Pursuant to General Obligations Law § 5-321, a lease provi*360sion which purports to exempt a lessor from liability for its own acts of negligence is void and unenforceable (see, Gross v Sweet, 49 NY2d 102, 107; Radius, Ltd. v Newhouse, 213 AD2d 614, 615). Although lease provisions in which the parties allocate the risk of liability to third parties between themselves through the use of insurance are generally enforceable (see, Kinney v Lisk Co., 76 NY2d 215; Hogeland v Sibley, Lindsay & Curr Co., 42 NY2d 153; Santamaria v 1125 Park Ave.
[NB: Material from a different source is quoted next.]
(* Let $(X,\Delta,\varepsilon,T)$ be a TSD object over a field $\mathbb k$, let $R=\mathbb k[[\hbar]]/(\hbar^2)$ and $X_\hbar=X\otimes_{\mathbb k}R$ with $\Delta$, $\Delta_3$ extended $R$-linearly. For a $\mathbb k$-linear $\psi\colon X^{\otimes 3}\to X$ let $T_\psi=T+\hbar\psi$ (extended $R$-linearly). Then: (1) $T_\psi$ is an infinitesimal deformation of $T$ if and only if $\psi\in Z^2_{\rm TSD}(X;X)$; (2) for $\psi,\psi'\in Z^2_{\rm TSD}(X;X)$, the deformations $T_\psi$ and $T_{\psi'}$ are equivalent if and only if $\psi-\psi'\in B^2_{\rm TSD}(X;X)$. Consequently, equivalence classes of infinitesimal deformations of $T$ are in bijection with $H^2_{\rm TSD}(X;X)$.
   Context: A TSD object is a $\mathbb k$-module $X$ with a coassociative counital comultiplication $\Delta$, counit $\varepsilon$, $\Delta_3=(\Delta\otimes\mathbb 1)\Delta$ (Sweedler notation $\Delta_3(w)=w^{(1)}\otimes w^{(2)}\otimes w^{(3)}$), and a linear $T\colon X^{\otimes 3}\to X$ with (i) $\Delta_3T=T^{\otimes 3}\sigma\Delta_3^{\otimes 3}$, where $\sigma$ sends $u_1\otimes\cdots\otimes u_9$ to $u_1\otimes u_4\otimes u_7\otimes u_2\otimes u_5\otimes u_8\otimes u_3\otimes u_6\otimes u_9$, and (ii) $T(T(x\otimes y\otimes z)\otimes w\otimes u)=T(T(x\otimes w^{(1)}\otimes u^{(1)})\otimes T(y\otimes w^{(2)}\otimes u^{(2)})\otimes T(z\otimes w^{(3)}\otimes u^{(3)}))$. An infinitesimal deformation of $T$ is an $R$-linear $T'\colon X_\hbar^{\otimes 3}\to X_\hbar$ with $T'\equiv T$ mod $\hbar$ such that $(X_\hbar,\Delta,T')$ satisfies (i) and (ii). Two deformations $T',T''$ are equivalent if there is an $R$-linear $g\colon X_\hbar\to X_\hbar$ with $g\equiv\mathbb 1$ mod $\hbar$, $\Delta_3 g=g^{\otimes 3}\Delta_3$ and $g\circ T'=T''\circ g^{\otimes 3}$. TSD cohomology: $C^1_{\rm TSD}(X;X)$ = ternary coderivations $f$ (i.e. $\Delta_3 f=(f\otimes\mathbb 1\otimes\mathbb 1+\mathbb 1\otimes f\otimes\mathbb 1+\mathbb 1\otimes\mathbb 1\otimes f)\Delta_3$); $C^2_{\rm TSD}(X;X)$ = linear $\psi\colon X^{\otimes 3}\to X$ with $\Delta_3\psi=(\psi\otimes T\otimes T+T\otimes\psi\otimes T+T\otimes T\otimes\psi)\sigma\Delta_3^{\otimes 3}$; $\delta^1 f(x\otimes y\otimes z)=f(T(x\otimes y\otimes z))-T(f(x)\otimes y\otimes z)-T(x\otimes f(y)\otimes z)-T(x\otimes y\otimes f(z))$; $\delta^2\psi(x\otimes y\otimes z\otimes w\otimes u)=T(\psi(x\otimes y\otimes z)\otimes w\otimes u)+\psi(T(x\otimes y\otimes z)\otimes w\otimes u)-\psi(A_1\otimes A_2\otimes A_3)-T(\Psi_1\otimes A_2\otimes A_3)-T(A_1\otimes\Psi_2\otimes A_3)-T(A_1\otimes A_2\otimes\Psi_3)$ with $A_i=T(x_i\otimes w^{(i)}\otimes u^{(i)})$, $(x_1,x_2,x_3)=(x,y,z)$, and $\Psi_i$ the same with $\psi$ in place of $T$. $Z^2_{\rm TSD}=C^2_{\rm TSD}\cap\ker\delta^2$, $B^2_{\rm TSD}=\delta^1(C^1_{\rm TSD})$, $H^2_{\rm TSD}=Z^2_{\rm TSD}/B^2_{\rm TSD}$. *)

theory Defs
  imports "HOL-Library.Poly_Mapping"
begin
Corp., 238 AD2d 259, 260), a landlord may not circumvent General Obligations Law § 5-321 “simply by placing the burden to procure insurance on the tenant” (Graphic Arts Supply v Raynor, 91 AD2d 827, 828; see also, A to Z Applique Die Cutting v 319 McKibbin St. Corp., 232 AD2d 512, 513; Radius, Ltd. v Newhouse, supra, at 615).
In this case, the lease places the sole obligation to obtain insurance upon Evergreen, but it lacks any language to demonstrate a “mutuality of intent to directly exculpate the landlord from negligence towards its tenant indemnitor” (Radius, Ltd. v Newhouse, supra, at 615). Accordingly, we find that the insurance procurement clause contained in the lease is unenforceable since it attempts to relieve the plaintiff of its responsibility for damages caused to Evergreen as a result of its own negligence (see, A to Z Applique Die Cutting v 319 McKibbin St. Corp., supra; Radius, Ltd. v Newhouse, supra, at 615; Metropolitan Art Assocs. v Wexler, 118 AD2d 548). Thus, the Supreme Court should have granted Evergreen’s motion for summary judgment.
The cross appeal must be dismissed on the ground that the plaintiff is not aggrieved by the order and judgment entered in its favor (see, CPLR 5511). To the extent that the plaintiff seeks review of language contained in the memorandum decision upon which the order and judgment is based, which language the plaintiff deems adverse to its interest, there is no basis for such review (see, Pennsylvania Gen. Ins. Co. v Austin Powder Co., 68 NY2d 465; Parochial Bus Sys. v Board of Educ., 60 NY2d 539). Bracken, J. P., Santucci, McGinity and Feuerstein, JJ., concur. [See 179 Mise 2d 674.]